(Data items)
lemma tadic_limitin_iff:
  assumes "0 < \<delta>" "\<delta> < 1"
  shows "limitin (tadic_topology \<delta>) \<sigma> l sequentially \<longleftrightarrow>
    (\<forall>k. \<exists>N. \<forall>m\<ge>N. \<forall>n\<le>k. fls_nth (\<sigma> m) n = fls_nth l n)"
    (is "_ \<longleftrightarrow> ?coeffs")
proof -
  interpret Metric_space UNIV "tadic_dist \<delta>" using Metric_space_tadic_dist[OF assms] .
  have "(\<forall>e>0. \<exists>N. \<forall>m\<ge>N. tadic_dist \<delta> (\<sigma> m) l < e) \<longleftrightarrow> ?coeffs"
  proof
    assume "\<forall>e>0. \<exists>N. \<forall>m\<ge>N. tadic_dist \<delta> (\<sigma> m) l < e"
    then show ?coeffs
      using assms tadic_dist_less_power_int_iff by (metis zero_less_power_int)
  next
    assume coeffs: ?coeffs
    show "\<forall>e>0. \<exists>N. \<forall>m\<ge>N. tadic_dist \<delta> (\<sigma> m) l < e"
    proof (intro allI impI)
      fix e :: real assume "0 < e"
      then obtain k where "\<delta> powi k < e" using ex_power_int_less assms by blast
      then show "\<exists>N. \<forall>m\<ge>N. tadic_dist \<delta> (\<sigma> m) l < e"
        using coeffs tadic_dist_less_power_int_iff[OF assms] by (meson order_less_trans)
    qed
  qed
  then show ?thesis by (simp add: tadic_topology_def limit_metric_sequentially)
qed

lemma mcomplete_tadic:
  assumes "0 < \<delta>" "\<delta> < 1"
  shows "Metric_space.mcomplete UNIV (tadic_dist \<delta>)"
  unfolding Metric_space.mcomplete_def[OF Metric_space_tadic_dist[OF assms]]
proof (intro allI impI)
  fix \<sigma> assume "Metric_space.MCauchy UNIV (tadic_dist \<delta>) \<sigma>"
  then obtain N where N: "\<And>k m m' n. N k \<le> m \<Longrightarrow> N k \<le> m' \<Longrightarrow> n \<le> k \<Longrightarrow>
      fls_nth (\<sigma> m) n = fls_nth (\<sigma> m') n"
    using tadic_MCauchy_iff[OF assms] by metis
  define g where "g n = fls_nth (\<sigma> (N n)) n" for n
  have agree: "fls_nth (\<sigma> m) n = g n" if "N k \<le> m" "n \<le> k" for k m n
    using N[of k m "max m (N n)" n] N[of n "max m (N n)" "N n" n] that by (simp add: g_def)
  have "g n = 0" if "n < min 0 (fls_subdegree (\<sigma> (N 0)))" for n
    using agree[of 0 "N 0" n] that by simp
  then have "fls_nth (Abs_fls g) = g"
    by (intro ext nth_Abs_fls_lower_bound) blast
  then have "limitin (tadic_topology \<delta>) \<sigma> (Abs_fls g) sequentially"
    using agree tadic_limitin_iff[OF assms] by metis
  then show "\<exists>l. limitin (Metric_space.mtopology UNIV (tadic_dist \<delta>)) \<sigma> l sequentially"
    unfolding tadic_topology_def by blast
qed
lemma dominating_vertex_if_domination_number_lt_2:
  assumes "simple_graph V E" "V \<noteq> {}" "domination_number V E < 2"
  shows "\<exists>u\<in>V. \<forall>v\<in>V - {u}. E u v"
proof -
  note E = simple_graphD[OF assms(1)]
  obtain D where D: "dominating_set V E D" "card D = domination_number V E"
    by (rule domination_numberE)
  have "finite D"
    using D(1) E(1) finite_subset unfolding dominating_set_def by blast
  moreover have "D \<noteq> {}"
    using D(1) assms(2) unfolding dominating_set_def by blast
  ultimately have "card D \<noteq> 0"
    by simp
  then have "card D = 1"
    using D(2) assms(3) by linarith
  then obtain u where "D = {u}"
    by (rule card_1_singletonE)
  then have u: "u \<in> V" "\<And>v. v \<in> V - {u} \<Longrightarrow> E v u"
    using D(1) unfolding dominating_set_def by auto
  show ?thesis
  proof (intro bexI ballI)
    fix v assume "v \<in> V - {u}"
    then show "E u v"
      by (rule E(4)[OF u(2)])
  qed (rule u(1))
qed

lemma dominating_vertex_if_count_arcs_size_top:
  assumes "simple_graph V E" "domination_number V E \<noteq> 2" "count_arcs_size V E (card V - 2) \<noteq> 0"
  shows "\<exists>u\<in>V. \<forall>v\<in>V - {u}. E u v"
proof -
  note E = simple_graphD[OF assms(1)]
  obtain x y where xy: "E x y" and dominating: "\<And>z. z \<in> V - {x, y} \<Longrightarrow> E x z \<or> E y z"
    using dominating_arcE[OF assms(1,3)] by blast
  have "dominating_set V E {x, y}"
    unfolding dominating_set_def
  proof (intro conjI ballI)
    show "{x, y} \<subseteq> V"
      using E(2,3)[OF xy] by blast
    fix v assume "v \<in> V"
    then show "v \<in> {x, y} \<or> (\<exists>u\<in>{x, y}. E v u)"
      using dominating[of v] E(4)[of x v] E(4)[of y v] by blast
  qed
  moreover have "x \<noteq> y"
    using xy E(5) by metis
  ultimately have "domination_number V E \<le> 2"
    using domination_number_le by fastforce
  with assms(2) have "domination_number V E < 2"
    by simp
  moreover have "V \<noteq> {}"
    using E(2)[OF xy] by blast
  ultimately show ?thesis
    using dominating_vertex_if_domination_number_lt_2[OF assms(1)] by blast
qed

lemma card_arcs_same_deck:
  assumes "simple_graph V E" "simple_graph W F" "same_deck V E W F" "card V \<ge> 3"
  shows "card (arcs W F) = card (arcs V E)"
proof -
  have "(card V - 2) * card (arcs W F) = (card V - 2) * card (arcs V E)"
    using deck_count_same_deck[OF assms(3), of "\<lambda>_. True"]
    unfolding deck_count_all[OF assms(1)] deck_count_all[OF assms(2)] same_deck_card[OF assms(3)] .
  then show ?thesis
    using assms(4) by simp
qed

lemma card_arcs_delete_vertex:
  assumes "simple_graph V E" "w \<in> V"
  shows "card (arcs V E) = card (arcs (V - {w}) (del_edges E w)) + 2 * card {v \<in> V. E w v}"
proof -
  define N where "N = {v \<in> V. E w v}"
  note E = simple_graphD[OF assms(1)]
  have "arcs V E = arcs (V - {w}) (del_edges E w) \<union> Pair w ` N \<union> (\<lambda>v. (v, w)) ` N"
    unfolding arcs_def del_edges_def N_def using assms(2) E(4) by auto
  moreover have "finite N"
    using E(1) unfolding N_def by simp
  moreover have "w \<notin> N"
    using E(5) unfolding N_def by blast
  ultimately have "card (arcs V E) =
      card (arcs (V - {w}) (del_edges E w)) + card (Pair w ` N) + card ((\<lambda>v. (v, w)) ` N)"
    using finite_arcs[OF finite_Diff[OF E(1)]]
    by (simp only:) (rule card_Un3_disjoint; auto simp: arcs_def del_edges_def)
  moreover have "card (Pair w ` N) = card N" "card ((\<lambda>v. (v, w)) ` N) = card N"
    by (simp_all add: card_image inj_on_def)
  ultimately show ?thesis
    unfolding N_def[symmetric] by simp
qed

lemma graph_iso_insert_dominating_vertex:
  assumes "simple_graph V E" "simple_graph W F"
    and "u \<in> V" "\<forall>v\<in>V - {u}. E u v" and "u' \<in> W" "\<forall>v\<in>W - {u'}. F u' v"
    and "graph_iso (V - {u}) (del_edges E u) (W - {u'}) (del_edges F u')"
  shows "graph_iso V E W F"
proof -
  obtain g where g: "bij_betw g (V - {u}) (W - {u'})"
    and hom: "\<forall>x\<in>V - {u}. \<forall>y\<in>V - {u}. del_edges E u x y \<longleftrightarrow> del_edges F u' (g x) (g y)"
    using assms(7) unfolding graph_iso_def by blast
  define h where "h = g(u := u')"
  have g_into: "g x \<in> W - {u'}" if "x \<in> V - {u}" for x
    using g that by (rule bij_betw_apply)
  have "bij_betw h (V - {u}) (W - {u'})"
    using g by (subst bij_betw_cong[where g = g]) (auto simp: h_def)
  then have "bij_betw h (V - {u} \<union> {u}) (W - {u'} \<union> {h u})"
    by (subst notIn_Un_bij_betw3[symmetric]) (auto simp: h_def)
  then have "bij_betw h V W"
    using assms(3,5) by (simp add: h_def insert_absorb)
  moreover have "E x y \<longleftrightarrow> F (h x) (h y)" if xy: "x \<in> V" "y \<in> V" for x y
  proof -
    note EV = simple_graphD[OF assms(1)] and FW = simple_graphD[OF assms(2)]
    consider "x = u" "y = u" | "x = u" "y \<noteq> u" | "x \<noteq> u" "y = u" | "x \<noteq> u" "y \<noteq> u"
      by blast
    then show ?thesis
    proof cases
      case 1
      then show ?thesis
        using EV(5) FW(5) by (simp add: h_def)
    next
      case 2
      then show ?thesis
        using xy assms(4,6) g_into[of y] by (simp add: h_def)
    next
      case 3
      then show ?thesis
        using xy assms(4,6) g_into[of x] EV(4)[of u x] FW(4)[of u' "g x"] by (auto simp: h_def)
    next
      case 4
      then have "del_edges E u x y \<longleftrightarrow> del_edges F u' (g x) (g y)"
        using hom xy by blast
      then show ?thesis
        using 4 xy g_into[of x] g_into[of y] by (simp add: h_def del_edges_def)
    qed
  qed
  ultimately show ?thesis
    unfolding graph_iso_def by blast
qed

lemma same_deck_dominating_vertex_iso:
  assumes "simple_graph V E" "simple_graph W F" "same_deck V E W F" "card V \<ge> 3"
    and "u \<in> V" "\<forall>v\<in>V - {u}. E u v"
  shows "graph_iso V E W F"
proof -
  obtain f where f: "bij_betw f V W"
    and iso: "\<forall>v\<in>V. graph_iso (V - {v}) (del_edges E v) (W - {f v}) (del_edges F (f v))"
    using assms(3) unfolding same_deck_def by blast
  note EV = simple_graphD[OF assms(1)] and FW = simple_graphD[OF assms(2)]
  have fu: "f u \<in> W"
    using f assms(5) by (rule bij_betw_apply)
  have card_arcs_card: "card (arcs (W - {f u}) (del_edges F (f u))) = card (arcs (V - {u}) (del_edges E u))"
    using count_arcs_iso[OF iso[rule_format, OF assms(5)], of "\<lambda>_. True"] unfolding count_arcs_def by simp
  have "{v \<in> V. E u v} = V - {u}"
    using assms(6) EV(5) by auto
  then have "card {v \<in> V. E u v} = card V - 1"
    using EV(1) assms(5) by simp
  then have "card {v \<in> W. F (f u) v} = card (W - {f u})"
    using card_arcs_delete_vertex[OF assms(1,5)] card_arcs_delete_vertex[OF assms(2) fu] card_arcs_card
      card_arcs_same_deck[OF assms(1-4)] same_deck_card[OF assms(3)] fu FW(1) by simp
  then have "{v \<in> W. F (f u) v} = W - {f u}"
    using FW(1,5) by (intro card_subset_eq) auto
  then have "\<forall>v\<in>W - {f u}. F (f u) v"
    by blast
  then show ?thesis
    using graph_iso_insert_dominating_vertex[OF assms(1,2,5,6) fu] iso assms(5) by blast
qed

lemma same_deck_count_arcs_size_top:
  assumes "simple_graph V E" "simple_graph W F" "same_deck V E W F" "card V \<ge> 3"
    and "count_arcs_size V E 0 = 0" "count_arcs_size V E (card V - 2) = 0"
  shows "count_arcs_size W F (card V - 2) = 0"
proof -
  define d where "d s = int (count_arcs_size W F s) - int (count_arcs_size V E s)" for s
  have rec: "int (Suc s) * d (Suc s) = - int (card V - 2 - s) * d s" for s
  proof -
    have "(card V - 2 - s) * count_arcs_size W F s + Suc s * count_arcs_size W F (Suc s)
        = (card V - 2 - s) * count_arcs_size V E s + Suc s * count_arcs_size V E (Suc s)"
      using deck_count_same_deck[OF assms(3), of "\<lambda>(a, b, c). a + b + c = s"]
      unfolding deck_count_size[OF assms(1)] deck_count_size[OF assms(2)] same_deck_card[OF assms(3)] .
    then have "int ((card V - 2 - s) * count_arcs_size W F s + Suc s * count_arcs_size W F (Suc s))
        = int ((card V - 2 - s) * count_arcs_size V E s + Suc s * count_arcs_size V E (Suc s))"
      by (rule arg_cong)
    then show ?thesis
      unfolding d_def of_nat_add of_nat_mult by (simp add: algebra_simps)
  qed
  have "d (card V - 2) = (-1) ^ (card V - 2) * d 0"
    using alternating_binomial_recurrence[of d "card V - 2", OF rec, of "card V - 2"] by simp
  then have "int (count_arcs_size W F (card V - 2)) = (-1) ^ (card V - 2) * int (count_arcs_size W F 0)"
    unfolding d_def using assms(5,6) by simp
  moreover have "count_arcs_size W F 0 = 0 \<or> count_arcs_size W F (card V - 2) = 0"
    using isolated_and_dominating_arc_exclusive[OF assms(2)] assms(4) same_deck_card[OF assms(3)] by simp
  ultimately show ?thesis
    by auto
qed
(* Let $\mathcal T$ be a locally finite tessellation of ${\mathbb X}$ and $x\in{\mathbb X}$. Let $C=\bigcap_{T\in\mathcal T,\,x\in T}T$. Then $C$ is a cell of $\mathcal T$ and $x\in C^r$.
   Context: ${\mathbb X}$ is $\mathbb R^n$, the unit sphere $\mathbb S^n$, or hyperbolic $n$-space. A hyperplane is a complete totally geodesic submanifold of codimension 1; closed half-spaces are the closures of the two components of its complement. A polyhedron is a nonempty intersection of a family of closed half-spaces whose boundary hyperplanes form a locally finite family; its relative interior $C^r$ is its interior in the smallest complete totally geodesic submanifold containing it; it is thick if it has nonempty interior in ${\mathbb X}$. A tessellation is a set of thick polyhedra (tiles) covering ${\mathbb X}$ with pairwise disjoint interiors; locally finite means every compact set meets only finitely many tiles. A cell of $\mathcal T$ is a nonempty intersection $C$ of tiles such that for every tile $T$ either $C\subseteq T$ or $C^r\cap T=\emptyset$. *)

theory Defs
  imports "HOL-Analysis.Analysis"
begin

text \<open>The three model spaces, realised inside an ambient Euclidean space 'a.
  Euc: X = 'a itself (n = DIM('a)).
  Sph: X = unit sphere of 'a (n = DIM('a) - 1).
  Hyp: X = hyperboloid model in 'a with Lorentzian form whose time direction is a
       fixed basis vector (n = DIM('a) - 1).\<close>

datatype geom = Euc | Sph | Hyp

definition time_vec :: "'a::euclidean_space" where
  "time_vec = (SOME b. b \<in> Basis)"

definition lorentz :: "'a::euclidean_space \<Rightarrow> 'a \<Rightarrow> real" where
  "lorentz x y = x \<bullet> y - 2 * (x \<bullet> time_vec) * (y \<bullet> time_vec)"

definition space :: "geom \<Rightarrow> 'a::euclidean_space set" where
  "space k = (case k of
      Euc \<Rightarrow> UNIV
    | Sph \<Rightarrow> sphere 0 1
    | Hyp \<Rightarrow> {x. lorentz x x = -1 \<and> x \<bullet> time_vec > 0})"

text \<open>Ambient sets cutting out the complete totally geodesic submanifolds:
  affine subspaces (Euclidean case) or linear subspaces (spherical/hyperbolic case).\<close>
definition ambient_flat :: "geom \<Rightarrow> 'a::euclidean_space set \<Rightarrow> bool" where
  "ambient_flat k A = (if k = Euc then affine A else subspace A)"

▶ TRY IT: Copy out only the lines above from the one with "using xy assms(4,6) g_into[of x]" to the one with "using assms(3) unfolding", inclusive, exactly as they stand.

▶ ANSWER TO THE EXERCISE:
        using xy assms(4,6) g_into[of x] EV(4)[of u x] FW(4)[of u' "g x"] by (auto simp: h_def)
    next
      case 4
      then have "del_edges E u x y \<longleftrightarrow> del_edges F u' (g x) (g y)"
        using hom xy by blast
      then show ?thesis
        using 4 xy g_into[of x] g_into[of y] by (simp add: h_def del_edges_def)
    qed
  qed
  ultimately show ?thesis
    unfolding graph_iso_def by blast
qed

lemma same_deck_dominating_vertex_iso:
  assumes "simple_graph V E" "simple_graph W F" "same_deck V E W F" "card V \<ge> 3"
    and "u \<in> V" "\<forall>v\<in>V - {u}. E u v"
  shows "graph_iso V E W F"
proof -
  obtain f where f: "bij_betw f V W"
    and iso: "\<forall>v\<in>V. graph_iso (V - {v}) (del_edges E v) (W - {f v}) (del_edges F (f v))"
    using assms(3) unfolding same_deck_def by blast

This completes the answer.